lemma bracket_L0_odd_pair:
  assumes "y = (\<lambda>c. y (G n) * sgl (G n) c + y (H n) * sgl (H n) c)"
  shows "bracket lam (sgl (L 0)) y = (\<lambda>c. - halfp n * y c + lam * y (G n) * sgl (H n) c)"
proof -
  obtain u v where y: "y = (\<lambda>c. u * sgl (G n) c + v * sgl (H n) c)" using assms by blast
  show ?thesis unfolding y
    by (rule ext) (simp add: bracket_sgl_pair algebra_simps, simp add: sgl_def algebra_simps)
qed

locale degree_k_even_superderivation =
  fixes lam :: complex and k :: int and D :: "elt \<Rightarrow> elt"
  assumes k_nonzero: "k \<noteq> 0"
    and superderivation: "even_superderivation lam D"
    and degree: "has_degree D (of_int k)"
begin

lemma linear: "linear_on_Alg D"
  using superderivation by (simp add: even_superderivation_def)

lemma D_scale: "x \<in> Alg \<Longrightarrow> D (\<lambda>e. c * x e) = (\<lambda>e. c * D x e)"
  using linear by (simp add: linear_on_Alg_def)

lemma D_add: "x \<in> Alg \<Longrightarrow> y \<in> Alg \<Longrightarrow> D (\<lambda>e. x e + y e) = (\<lambda>e. D x e + D y e)"
  using linear by (simp add: linear_on_Alg_def)

lemma D_bracket:
  "homogeneous x \<Longrightarrow> homogeneous y \<Longrightarrow>
     D (bracket lam x y) = (\<lambda>c. bracket lam (D x) y c + bracket lam x (D y) c)"
  using superderivation by (simp add: even_superderivation_def)

lemma k_nonzero_complex: "(of_int k :: complex) \<noteq> 0"
  using k_nonzero by simp

lemma D_sgl_even:
  assumes "e = L m \<or> e = I m"
  shows "D (sgl e) = (\<lambda>c. D (sgl e) (L (m+k)) * sgl (L (m+k)) c + D (sgl e) (I (m+k)) * sgl (I (m+k)) c)"
proof (rule EvenPart_Grade_eq_pair)
  have "sgl e \<in> EvenPart" using assms sgl_in_Alg[of e] by (auto simp: EvenPart_def sgl_def)
  then show "D (sgl e) \<in> EvenPart" using superderivation by (simp add: even_superderivation_def)
  show "D (sgl e) \<in> Grade (of_int (m + k))"
    using degree sgl_in_Grade[of e] assms unfolding has_degree_def by force
qed

lemma D_sgl_odd:
  assumes "e = G j \<or> e = H j"
  shows "D (sgl e) = (\<lambda>c. D (sgl e) (G (j+k)) * sgl (G (j+k)) c + D (sgl e) (H (j+k)) * sgl (H (j+k)) c)"
proof (rule OddPart_Grade_eq_pair)
  have "sgl e \<in> OddPart" using assms sgl_in_Alg[of e] by (auto simp: OddPart_def sgl_def)
  then show "D (sgl e) \<in> OddPart" using superderivation by (simp add: even_superderivation_def)
  have "D (sgl e) \<in> Grade (idx e + of_int k)"
    using degree sgl_in_Grade[of e] unfolding has_degree_def by blast
  then show "D (sgl e) \<in> Grade (of_int (j + k) + 1/2)"
    using assms by (auto simp: algebra_simps)
qed

definition coefL :: complex where "coefL = D (sgl (L 0)) (L k) / of_int k"
definition coefI :: complex where "coefI = D (sgl (L 0)) (I k) / of_int k"

definition X :: elt where "X = (\<lambda>c. coefL * sgl (L k) c + coefI * sgl (I k) c)"

lemma bracket_X_sgl: "bracket lam X (sgl e) c = coefL * br lam (L k) e c + coefI * br lam (I k) e c"
  unfolding X_def by (simp add: bracket_pair_sgl)

lemma D_br_L0:
  "D (br lam (L 0) e) c = of_int k * bracket lam X (sgl e) c + bracket lam (sgl (L 0)) (D (sgl e)) c"
proof -
  have D_L0: "D (sgl (L 0)) = (\<lambda>c. D (sgl (L 0)) (L k) * sgl (L k) c + D (sgl (L 0)) (I k) * sgl (I k) c)"
    by (rule D_sgl_even[of "L 0" 0, unfolded add_0_left]) simp
  have "bracket lam (D (sgl (L 0))) (sgl e) c
      = bracket lam (\<lambda>c. D (sgl (L 0)) (L k) * sgl (L k) c + D (sgl (L 0)) (I k) * sgl (I k) c) (sgl e) c"
    by (rule arg_cong[where f="\<lambda>y. bracket lam y (sgl e) c", OF D_L0])
  also have "\<dots> = D (sgl (L 0)) (L k) * br lam (L k) e c + D (sgl (L 0)) (I k) * br lam (I k) e c"
    by (rule bracket_pair_sgl) simp
  also have "\<dots> = of_int k * bracket lam X (sgl e) c"
    using k_nonzero_complex by (simp add: bracket_X_sgl coefL_def coefI_def algebra_simps)
  finally show ?thesis
    using D_bracket[OF homogeneous_sgl homogeneous_sgl, of "L 0" e] by (simp add: bracket_sgl_sgl)
qed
* * *
What is needed: Repeat the listing above exactly, every line of it.

Answer section:
lemma bracket_L0_odd_pair:
  assumes "y = (\<lambda>c. y (G n) * sgl (G n) c + y (H n) * sgl (H n) c)"
  shows "bracket lam (sgl (L 0)) y = (\<lambda>c. - halfp n * y c + lam * y (G n) * sgl (H n) c)"
proof -
  obtain u v where y: "y = (\<lambda>c. u * sgl (G n) c + v * sgl (H n) c)" using assms by blast
  show ?thesis unfolding y
    by (rule ext) (simp add: bracket_sgl_pair algebra_simps, simp add: sgl_def algebra_simps)
qed

locale degree_k_even_superderivation =
  fixes lam :: complex and k :: int and D :: "elt \<Rightarrow> elt"
  assumes k_nonzero: "k \<noteq> 0"
    and superderivation: "even_superderivation lam D"
    and degree: "has_degree D (of_int k)"
begin

lemma linear: "linear_on_Alg D"
  using superderivation by (simp add: even_superderivation_def)

lemma D_scale: "x \<in> Alg \<Longrightarrow> D (\<lambda>e. c * x e) = (\<lambda>e. c * D x e)"
  using linear by (simp add: linear_on_Alg_def)

lemma D_add: "x \<in> Alg \<Longrightarrow> y \<in> Alg \<Longrightarrow> D (\<lambda>e. x e + y e) = (\<lambda>e. D x e + D y e)"
  using linear by (simp add: linear_on_Alg_def)

lemma D_bracket:
  "homogeneous x \<Longrightarrow> homogeneous y \<Longrightarrow>
     D (bracket lam x y) = (\<lambda>c. bracket lam (D x) y c + bracket lam x (D y) c)"
  using superderivation by (simp add: even_superderivation_def)

lemma k_nonzero_complex: "(of_int k :: complex) \<noteq> 0"
  using k_nonzero by simp

lemma D_sgl_even:
  assumes "e = L m \<or> e = I m"
  shows "D (sgl e) = (\<lambda>c. D (sgl e) (L (m+k)) * sgl (L (m+k)) c + D (sgl e) (I (m+k)) * sgl (I (m+k)) c)"
proof (rule EvenPart_Grade_eq_pair)
  have "sgl e \<in> EvenPart" using assms sgl_in_Alg[of e] by (auto simp: EvenPart_def sgl_def)
  then show "D (sgl e) \<in> EvenPart" using superderivation by (simp add: even_superderivation_def)
  show "D (sgl e) \<in> Grade (of_int (m + k))"
    using degree sgl_in_Grade[of e] assms unfolding has_degree_def by force
qed

lemma D_sgl_odd:
  assumes "e = G j \<or> e = H j"
  shows "D (sgl e) = (\<lambda>c. D (sgl e) (G (j+k)) * sgl (G (j+k)) c + D (sgl e) (H (j+k)) * sgl (H (j+k)) c)"
proof (rule OddPart_Grade_eq_pair)
  have "sgl e \<in> OddPart" using assms sgl_in_Alg[of e] by (auto simp: OddPart_def sgl_def)
  then show "D (sgl e) \<in> OddPart" using superderivation by (simp add: even_superderivation_def)
  have "D (sgl e) \<in> Grade (idx e + of_int k)"
    using degree sgl_in_Grade[of e] unfolding has_degree_def by blast
  then show "D (sgl e) \<in> Grade (of_int (j + k) + 1/2)"
    using assms by (auto simp: algebra_simps)
qed

definition coefL :: complex where "coefL = D (sgl (L 0)) (L k) / of_int k"
definition coefI :: complex where "coefI = D (sgl (L 0)) (I k) / of_int k"

definition X :: elt where "X = (\<lambda>c. coefL * sgl (L k) c + coefI * sgl (I k) c)"

lemma bracket_X_sgl: "bracket lam X (sgl e) c = coefL * br lam (L k) e c + coefI * br lam (I k) e c"
  unfolding X_def by (simp add: bracket_pair_sgl)

lemma D_br_L0:
  "D (br lam (L 0) e) c = of_int k * bracket lam X (sgl e) c + bracket lam (sgl (L 0)) (D (sgl e)) c"
proof -
  have D_L0: "D (sgl (L 0)) = (\<lambda>c. D (sgl (L 0)) (L k) * sgl (L k) c + D (sgl (L 0)) (I k) * sgl (I k) c)"
    by (rule D_sgl_even[of "L 0" 0, unfolded add_0_left]) simp
  have "bracket lam (D (sgl (L 0))) (sgl e) c
      = bracket lam (\<lambda>c. D (sgl (L 0)) (L k) * sgl (L k) c + D (sgl (L 0)) (I k) * sgl (I k) c) (sgl e) c"
    by (rule arg_cong[where f="\<lambda>y. bracket lam y (sgl e) c", OF D_L0])
  also have "\<dots> = D (sgl (L 0)) (L k) * br lam (L k) e c + D (sgl (L 0)) (I k) * br lam (I k) e c"
    by (rule bracket_pair_sgl) simp
  also have "\<dots> = of_int k * bracket lam X (sgl e) c"
    using k_nonzero_complex by (simp add: bracket_X_sgl coefL_def coefI_def algebra_simps)
  finally show ?thesis
    using D_bracket[OF homogeneous_sgl homogeneous_sgl, of "L 0" e] by (simp add: bracket_sgl_sgl)
qed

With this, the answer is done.